**Activity**
Identify the lines in the data below that contain "assumes" and give only how many there are.

BEGIN Data supplied

lemma measurable_regular_blip_G:
  assumes "regular_blip g" "m < k" "k \<le> K"
  shows "(\<lambda>x. g m k (LA m x)) \<in> borel_measurable (G m)"
  using measurable_compose[OF measurable_LA_G regular_blipD(1)[OF assms]] assms(2,3) by simp

abbreviation Hc_increment :: "(nat \<Rightarrow> nat \<Rightarrow> 'z history \<times> real \<Rightarrow> real) \<Rightarrow> nat \<Rightarrow> nat \<Rightarrow> 'a \<Rightarrow> real" where
  "Hc_increment g m k \<equiv> \<lambda>x. Hc Y A (Lbar Z Y A) T g m k x - Hc Y A (Lbar Z Y A) T g m (k - 1) x"

lemma integrable_Hc_increment:
  assumes "regular_blip g" "k \<le> K"
  shows "integrable M (Hc_increment g m k)"
  unfolding Hc_def using assms Y_integrable regular_blipD(2)[OF assms(1)]
  by (intro Bochner_Integration.integrable_diff Bochner_Integration.integrable_sum) auto

lemma Hc_increment_diff:
  assumes mk: "m < k" "k \<le> K"
    and shorter: "\<And>j l. j < l \<Longrightarrow> l \<le> K \<Longrightarrow> l - j < k - m \<Longrightarrow>
                    AE x in M. T x = enat j \<longrightarrow> g j l (LA j x) = g' j l (LA j x)"
  shows "AE x in M. Hc_increment g m k x - Hc_increment g' m k x
                  = - ((g m k (LA m x) - g' m k (LA m x)) * indicator {x. T x = enat m} x)"
proof -
  define \<delta> where "\<delta> j l x = (g j l (LA j x) - g' j l (LA j x)) * indicator {x. T x = enat j} x" for j l x
  have \<delta>_shorter: "AE x in M. \<delta> j l x = 0" if "j < l" "l \<le> K" "l - j < k - m" for j l
    using shorter[OF that] by eventually_elim (auto simp: \<delta>_def)
  have Hc_diff: "Hc Y A (Lbar Z Y A) T g m l x - Hc Y A (Lbar Z Y A) T g' m l x = - (\<Sum>j\<in>{m..<l}. \<delta> j l x)" for l x
    unfolding Hc_def \<delta>_def by (simp only: left_diff_distrib sum_subtractf)
  have "AE x in M. (\<forall>j\<in>{Suc m..<k}. \<delta> j k x = 0) \<and> (\<forall>j\<in>{m..<k-1}. \<delta> j (k-1) x = 0)"
    using mk by (intro eventually_conj eventually_ball_finite ballI \<delta>_shorter) auto
  then show ?thesis
  proof eventually_elim
    case (elim x)
    have "(\<Sum>j\<in>{m..<k}. \<delta> j k x) = \<delta> m k x + (\<Sum>j\<in>{Suc m..<k}. \<delta> j k x)"
      using mk by (intro sum.atLeast_Suc_lessThan)
    then have "Hc_increment g m k x - Hc_increment g' m k x = - \<delta> m k x"
      using elim Hc_diff[of k x] Hc_diff[of "k - 1" x] by simp
    then show ?case
      unfolding \<delta>_def .
  qed
qed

END Data supplied

**Answer space**
3